§ TASK BRIEF:
Treat the line with "using assms(3) by (simp add: power2_eq_square" as the starting point. Write it out and every line after it through the end of the listing below, exactly.

Top of ENTRIES SHOWN

(* Let $0<a,b<1$, let $f\ge3$ be an integer, and let $\overline w_{m,n}$ ($m,n\ge0$, $m\ne n$) be as defined in the context. For $0\le m\le n-2$ put $[\overline w]_{m,n}:=\overline w_{m,n}\overline w_{m+1,n+1}-\overline w_{m,n+1}\overline w_{m+1,n}$. Then (with all indices nonnegative): 1. $[\overline w]_{f-\ell,f+j}=a^2r^2z^4(1-a)(1-b)x_a^{\ell-2}x(a,b)x_b^{j-1}$ for $\ell\ge2$, $j\ge1$; 2. $[\overline w]_{f-\ell,f}=a^2r^2z^4(1-a)(1-b)x_a^{\ell-2}$ for $\ell\ge2$; 3. $[\overline w]_{f-1,f+j}=b^2r^2z^4(1-a)(1-b)x_b^{j-1}$ for $j\ge1$; 4. $[\overline w]_{m,m+\ell}=a^2r^2z^4(1-a)^2x_a^{\ell-2}$ for $\ell\ge2$, $m+\ell\le f-1$; 5. $[\overline w]_{m,m+j}=b^2r^2z^4(1-b)^2x_b^{j-2}$ for $f\le m$, $j\ge2$.
   Context: Let $r,y,z$ be indeterminates. For $c\in(0,1)$: $\omega_c:=1-(1-c)^2r^2y^2z^2$, $\tau_c:=1+(1-c)^2r^2z^2y(1-y)$, $x_c:=c^2z^2\tau_c^2$, $\beta_c:=1+z^2(c^2-(1-c)^2r^2(y^2+c^2(1-y)^2z^2))$; $w^*_0(c):=(\beta_c-\omega_c)/x_c$, $w^*_1(c):=1$, $w^*_{n+1}(c):=\beta_cw^*_n(c)-x_cw^*_{n-1}(c)$ ($n\ge1$). Also $\omega(a,b):=1-(1-a)(1-b)r^2y^2z^2$, $\tau(a,b):=1+(1-a)(1-b)r^2z^2y(1-y)$, $x(a,b):=b^2z^2\tau(a,b)^2$, $x(b,a):=a^2z^2\tau(a,b)^2$, $\beta(a,b):=\beta_b-(b-a)b^2(1-b)r^2(1-y)^2z^4$, $\beta(b,a):=\beta_a-(a-b)a^2(1-a)r^2(1-y)^2z^4$. Define $\overline w_{m,m+1}=\overline w_{m+1,m}:=1$ for $m\ge0$, and for $n-m\ge2$ (all indices $\ge0$): upward: (U1) $\overline w_{m,m+\ell}:=w^*_\ell(a)$ if $m+\ell\le f$, and $:=w^*_\ell(b)$ if $f\le m$; (U2) $\overline w_{f-\ell,f+1}:=\frac{1-b}{1-a}w^*_{\ell+1}(a)+\frac{b-a}{1-a}w^*_\ell(a)$, $1\le\ell\le f$; (U3) $\overline w_{m,f+2}:=\beta(a,b)\overline w_{m,f+1}-x(a,b)\overline w_{m,f}$, $m\le f-1$; (U4) $\overline w_{m,f+j+1}:=\beta_b\overline w_{m,f+j}-x_b\overline w_{m,f+j-1}$, $m\le f-1$, $j\ge2$. Downward: (D1) $\overline w_{m+\ell,m}:=w^*_\ell(a)$ if $m+\ell\le f-1$, and $:=w^*_\ell(b)$ if $f-1\le m$; (D2) $\overline w_{f+j,f-2}:=\frac{1-a}{1-b}w^*_{j+2}(b)+\frac{a-b}{1-b}w^*_{j+1}(b)$, $j\ge0$; (D3) $\overline w_{n,f-3}:=\beta(b,a)\overline w_{n,f-2}-x(b,a)\overline w_{n,f-1}$, $n\ge f$; (D4) $\overline w_{n,f-\ell-2}:=\beta_a\overline w_{n,f-\ell-1}-x_a\overline w_{n,f-\ell}$, $n\ge f$, $\ell\ge2$. (In particular $\overline w_{f-1,f+1}=\omega(a,b)=\overline w_{f,f-2}$.) *)

theory Defs
  imports Complex_Main
begin

(* The indeterminates r, y, z are modelled as arbitrary real numbers. *)

definition omc :: "real \<Rightarrow> real \<Rightarrow> real \<Rightarrow> real \<Rightarrow> real" where
  "omc c r y z = 1 - (1-c)^2 * r^2 * y^2 * z^2"

definition tauc :: "real \<Rightarrow> real \<Rightarrow> real \<Rightarrow> real \<Rightarrow> real" where
  "tauc c r y z = 1 + (1-c)^2 * r^2 * z^2 * y * (1-y)"

definition xc :: "real \<Rightarrow> real \<Rightarrow> real \<Rightarrow> real \<Rightarrow> real" where
  "xc c r y z = c^2 * z^2 * (tauc c r y z)^2"

definition betac :: "real \<Rightarrow> real \<Rightarrow> real \<Rightarrow> real \<Rightarrow> real" where
  "betac c r y z = 1 + z^2 * (c^2 - (1-c)^2 * r^2 * (y^2 + c^2 * (1-y)^2 * z^2))"

fun wstar :: "real \<Rightarrow> real \<Rightarrow> real \<Rightarrow> real \<Rightarrow> nat \<Rightarrow> real" where
  "wstar c r y z 0 = (betac c r y z - omc c r y z) / xc c r y z"
| "wstar c r y z (Suc 0) = 1"
| "wstar c r y z (Suc (Suc n)) =
     betac c r y z * wstar c r y z (Suc n) - xc c r y z * wstar c r y z n"

definition om2 :: "real \<Rightarrow> real \<Rightarrow> real \<Rightarrow> real \<Rightarrow> real \<Rightarrow> real" where
  "om2 a b r y z = 1 - (1-a) * (1-b) * r^2 * y^2 * z^2"

definition tau2 :: "real \<Rightarrow> real \<Rightarrow> real \<Rightarrow> real \<Rightarrow> real \<Rightarrow> real" where
  "tau2 a b r y z = 1 + (1-a) * (1-b) * r^2 * z^2 * y * (1-y)"

definition xab :: "real \<Rightarrow> real \<Rightarrow> real \<Rightarrow> real \<Rightarrow> real \<Rightarrow> real" where
  "xab a b r y z = b^2 * z^2 * (tau2 a b r y z)^2"

definition xba :: "real \<Rightarrow> real \<Rightarrow> real \<Rightarrow> real \<Rightarrow> real \<Rightarrow> real" where
  "xba a b r y z = a^2 * z^2 * (tau2 a b r y z)^2"

definition betaab :: "real \<Rightarrow> real \<Rightarrow> real \<Rightarrow> real \<Rightarrow> real \<Rightarrow> real" where
  "betaab a b r y z = betac b r y z - (b-a) * b^2 * (1-b) * r^2 * (1-y)^2 * z^4"

definition betaba :: "real \<Rightarrow> real \<Rightarrow> real \<Rightarrow> real \<Rightarrow> real \<Rightarrow> real" where
  "betaba a b r y z = betac a r y z - (a-b) * a^2 * (1-a) * r^2 * (1-y)^2 * z^4"

text \<open>Upward entries: upc ... m k = wbar_{m, f+1+k} for m \<le> f-1 (rules U2, U3, U4).
  Note wbar_{m,f} = w*_{f-m}(a) (rule U1, or = 1 = w*_1 when m = f-1).\<close>
fun upc :: "real \<Rightarrow> real \<Rightarrow> nat \<Rightarrow> real \<Rightarrow> real \<Rightarrow> real \<Rightarrow> nat \<Rightarrow> nat \<Rightarrow> real" where
  "upc a b f r y z m 0 =
     (1-b)/(1-a) * wstar a r y z (f-m+1) + (b-a)/(1-a) * wstar a r y z (f-m)"
| "upc a b f r y z m (Suc 0) =
     betaab a b r y z * upc a b f r y z m 0
     - xab a b r y z * (if m + 1 = f then 1 else wstar a r y z (f-m))"
| "upc a b f r y z m (Suc (Suc k)) =
     betac b r y z * upc a b f r y z m (Suc k) - xc b r y z * upc a b f r y z m k"

text \<open>Downward entries: downc ... p k = wbar_{p, f-2-k} for p \<ge> f (rules D2, D3, D4).
  Note wbar_{p,f-1} = w*_{p-f+1}(b) (rule D1, or = 1 = w*_1 when p = f).\<close>
fun downc :: "real \<Rightarrow> real \<Rightarrow> nat \<Rightarrow> real \<Rightarrow> real \<Rightarrow> real \<Rightarrow> nat \<Rightarrow> nat \<Rightarrow> real" where
  "downc a b f r y z p 0 =
     (1-a)/(1-b) * wstar b r y z (p-f+2) + (a-b)/(1-b) * wstar b r y z (p-f+1)"
| "downc a b f r y z p (Suc 0) =
     betaba a b r y z * downc a b f r y z p 0
     - xba a b r y z * (if p = f then 1 else wstar b r y z (p-f+1))"
| "downc a b f r y z p (Suc (Suc k)) =
     betac a r y z * downc a b f r y z p (Suc k) - xc a r y z * downc a b f r y z p k"

definition wbar :: "real \<Rightarrow> real \<Rightarrow> nat \<Rightarrow> real \<Rightarrow> real \<Rightarrow> real \<Rightarrow> nat \<Rightarrow> nat \<Rightarrow> real" where
  "wbar a b f r y z m n =
    (if m < n then
       (if n = m + 1 then 1
        else if n \<le> f then wstar a r y z (n - m)
        else if f \<le> m then wstar b r y z (n - m)
        else upc a b f r y z m (n - f - 1))
     else if n < m then
       (if m = n + 1 then 1
        else if m \<le> f - 1 then wstar a r y z (m - n)
        else if f - 1 \<le> n then wstar b r y z (m - n)
        else downc a b f r y z m (f - 2 - n))
     else undefined)"

definition wbr :: "real \<Rightarrow> real \<Rightarrow> nat \<Rightarrow> real \<Rightarrow> real \<Rightarrow> real \<Rightarrow> nat \<Rightarrow> nat \<Rightarrow> real" where
  "wbr a b f r y z m n =
     wbar a b f r y z m n * wbar a b f r y z (m+1) (n+1)
     - wbar a b f r y z m (n+1) * wbar a b f r y z (m+1) n"

end

theory Submission imports Defs begin

text \<open>Along a row of \<open>wbar\<close>, the entries beyond column \<open>f + 1\<close> satisfy the three-term
  recurrence with coefficients \<open>betac b\<close>, \<open>xc b\<close>, just as \<open>wstar c\<close> does with \<open>betac c\<close>, \<open>xc c\<close>.
  The Casoratian of two solutions of one such recurrence is geometric with ratio \<open>xc\<close>, so each
  determinant \<open>wbr\<close> is a power of \<open>xc a\<close> or \<open>xc b\<close> times an initial Casoratian, and the
  latter is a polynomial identity in \<open>a, b, r, y, z\<close>.\<close>

lemma three_term_casoratian:
  fixes U V :: "nat \<Rightarrow> 'a::comm_ring_1"
  assumes "\<And>k. U (Suc (Suc k)) = \<beta> * U (Suc k) - x * U k"
      and "\<And>k. V (Suc (Suc k)) = \<beta> * V (Suc k) - x * V k"
  shows "U j * V (Suc j) - U (Suc j) * V j = x ^ j * (U 0 * V 1 - U 1 * V 0)"
proof (induction j)
  case 0
  then show ?case by simp
next
  case (Suc j)
  have "U (Suc j) * V (Suc (Suc j)) - U (Suc (Suc j)) * V (Suc j)
      = x * (U j * V (Suc j) - U (Suc j) * V j)"
    by (simp add: assms algebra_simps)
  then show ?case
    using Suc by simp
qed

lemma wstar_2: "xc c r y z \<noteq> 0 \<Longrightarrow> wstar c r y z 2 = omc c r y z"
  by (simp add: numeral_2_eq_2)

lemma xc_mult_wstar_initial_casoratian:
  assumes "xc c r y z \<noteq> 0"
  shows "xc c r y z * (1 - wstar c r y z 0 * wstar c r y z 2) = c^2 * r^2 * z^4 * (1-c)^2"
proof -
  have "xc c r y z * (1 - wstar c r y z 0 * wstar c r y z 2)
      = xc c r y z - (betac c r y z - omc c r y z) * omc c r y z"
    using assms by (simp add: wstar_2 field_simps)
  also have "\<dots> = c^2 * r^2 * z^4 * (1-c)^2"
    unfolding xc_def tauc_def betac_def omc_def by algebra
  finally show ?thesis .
qed

lemma wstar_casoratian:
  assumes "2 \<le> l" "xc c r y z \<noteq> 0"
  shows "wstar c r y z l * wstar c r y z l - wstar c r y z (l+1) * wstar c r y z (l-1)
       = c^2 * r^2 * z^4 * (1-c)^2 * xc c r y z ^ (l-2)"
proof -
  obtain k where l: "l = Suc (Suc k)"
    using assms(1) by (metis add_2_eq_Suc le_Suc_ex)
  have "wstar c r y z l * wstar c r y z l - wstar c r y z (l+1) * wstar c r y z (l-1)
      = - (wstar c r y z (Suc k) * wstar c r y z (Suc (Suc (Suc k)))
           - wstar c r y z (Suc (Suc k)) * wstar c r y z (Suc (Suc k)))"
    unfolding l by simp
  also have "\<dots> = xc c r y z ^ Suc k * (1 - wstar c r y z 0 * wstar c r y z 2)"
    using three_term_casoratian[of "wstar c r y z" "betac c r y z" "xc c r y z"
        "\<lambda>k. wstar c r y z (Suc k)" "Suc k"]
    by (simp add: numeral_2_eq_2 algebra_simps)
  also have "\<dots> = xc c r y z ^ k * (xc c r y z * (1 - wstar c r y z 0 * wstar c r y z 2))"
    by simp
  finally show ?thesis
    unfolding xc_mult_wstar_initial_casoratian[OF assms(2)] l by simp
qed

lemma wbar_eq_wstar_a: "m < n \<Longrightarrow> n \<le> f \<Longrightarrow> wbar a b f r y z m n = wstar a r y z (n-m)"
  by (simp add: wbar_def)

lemma wbar_eq_wstar_b: "f \<le> m \<Longrightarrow> m < n \<Longrightarrow> wbar a b f r y z m n = wstar b r y z (n-m)"
  by (auto simp add: wbar_def)

lemma wbar_eq_upc: "m < f \<Longrightarrow> f < n \<Longrightarrow> wbar a b f r y z m n = upc a b f r y z m (n-f-1)"
  by (simp add: wbar_def)

lemma upc_1:
  "m < f \<Longrightarrow> upc a b f r y z m 1 =
     betaab a b r y z * upc a b f r y z m 0 - xab a b r y z * wstar a r y z (f-m)"
  using upc.simps(2)[of a b f r y z m] by (cases "m + 1 = f") auto

lemma upc_casoratian:
  "upc a b f r y z m k * upc a b f r y z m' (Suc k) - upc a b f r y z m (Suc k) * upc a b f r y z m' k
   = xc b r y z ^ k * (upc a b f r y z m 0 * upc a b f r y z m' 1
                      - upc a b f r y z m 1 * upc a b f r y z m' 0)"
  by (rule three_term_casoratian[of _ "betac b r y z"]) simp_all

text \<open>The Casoratian of column \<open>f\<close> (entries \<open>wstar a\<close>) and column \<open>f + 1\<close> (entries \<open>upc \<dots> 0\<close>)
  on rows \<open>f - l\<close>, \<open>f - l + 1\<close>: column \<open>f + 1\<close> is an affine combination of two shifts of
  \<open>wstar a\<close>, so this reduces to \<open>wstar_casoratian\<close>.\<close>
lemma wstar_upc_casoratian:
  assumes "2 \<le> l" "l \<le> f" "a < 1" "xc a r y z \<noteq> 0"
  shows "wstar a r y z l * upc a b f r y z (f-l+1) 0 - upc a b f r y z (f-l) 0 * wstar a r y z (l-1)
       = a^2 * r^2 * z^4 * (1-a) * (1-b) * xc a r y z ^ (l-2)"
proof -
  define W where "W = wstar a r y z"
  have "f - (f - l) = l" "f - (f - l + 1) = l - 1" "l - 1 + 1 = l"
    using assms by auto
  then have u0: "upc a b f r y z (f-l) 0 = (1-b)/(1-a) * W (l+1) + (b-a)/(1-a) * W l"
        and u1: "upc a b f r y z (f-l+1) 0 = (1-b)/(1-a) * W l + (b-a)/(1-a) * W (l-1)"
    unfolding W_def by simp_all
  have "W l * upc a b f r y z (f-l+1) 0 - upc a b f r y z (f-l) 0 * W (l-1)
      = (1-b)/(1-a) * (W l * W l - W (l+1) * W (l-1))"
    unfolding u0 u1 by (simp add: algebra_simps)
  also have "\<dots> = (1-b)/(1-a) * (a^2 * r^2 * z^4 * (1-a)^2 * xc a r y z ^ (l-2))"
    unfolding W_def using wstar_casoratian[OF assms(1,4)] by simp
  also have "\<dots> = a^2 * r^2 * z^4 * (1-a) * (1-b) * xc a r y z ^ (l-2)"
    using assms(3) by (simp add: power2_eq_square field_simps)
  finally show ?thesis
    unfolding W_def .
qed

lemma upc_wstar_initial_casoratian:
  assumes "0 < f" "a < 1" "xc a r y z \<noteq> 0" "xc b r y z \<noteq> 0"
  shows "upc a b f r y z (f-1) 0 * wstar b r y z 2 - upc a b f r y z (f-1) 1 * wstar b r y z 1
       = b^2 * r^2 * z^4 * (1-a) * (1-b)"
proof -
  define U where "U = upc a b f r y z (f-1) 0"
  have "f - (f - 1) = 1" "f - (f - 1) + 1 = 2"
    using assms(1) by auto
  then have "U = ((1-b) * omc a r y z + (b-a)) / (1-a)"
    unfolding U_def using assms(3) by (simp add: wstar_2 add_divide_distrib)
  then have U: "U * (1-a) = (1-b) * omc a r y z + (b-a)"
    using assms(2) by simp
  have "(U * omc b r y z - (betaab a b r y z * U - xab a b r y z)) * (1-a)
      = (U * (1-a)) * (omc b r y z - betaab a b r y z) + xab a b r y z * (1-a)"
    by (simp add: algebra_simps)
  also have "\<dots> = b^2 * r^2 * z^4 * (1-a) * (1-b) * (1-a)"
    unfolding U xab_def tau2_def betaab_def betac_def omc_def by algebra
  finally show ?thesis
    unfolding U_def using assms upc_1[of "f-1" f a b r y z]
    by (simp add: wstar_2)
qed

Bottom of ENTRIES SHOWN

§ RESULT:
    using assms(3) by (simp add: power2_eq_square field_simps)
  finally show ?thesis
    unfolding W_def .
qed

lemma upc_wstar_initial_casoratian:
  assumes "0 < f" "a < 1" "xc a r y z \<noteq> 0" "xc b r y z \<noteq> 0"
  shows "upc a b f r y z (f-1) 0 * wstar b r y z 2 - upc a b f r y z (f-1) 1 * wstar b r y z 1
       = b^2 * r^2 * z^4 * (1-a) * (1-b)"
proof -
  define U where "U = upc a b f r y z (f-1) 0"
  have "f - (f - 1) = 1" "f - (f - 1) + 1 = 2"
    using assms(1) by auto
  then have "U = ((1-b) * omc a r y z + (b-a)) / (1-a)"
    unfolding U_def using assms(3) by (simp add: wstar_2 add_divide_distrib)
  then have U: "U * (1-a) = (1-b) * omc a r y z + (b-a)"
    using assms(2) by simp
  have "(U * omc b r y z - (betaab a b r y z * U - xab a b r y z)) * (1-a)
      = (U * (1-a)) * (omc b r y z - betaab a b r y z) + xab a b r y z * (1-a)"
    by (simp add: algebra_simps)
  also have "\<dots> = b^2 * r^2 * z^4 * (1-a) * (1-b) * (1-a)"
    unfolding U xab_def tau2_def betaab_def betac_def omc_def by algebra
  finally show ?thesis
    unfolding U_def using assms upc_1[of "f-1" f a b r y z]
    by (simp add: wstar_2)
qed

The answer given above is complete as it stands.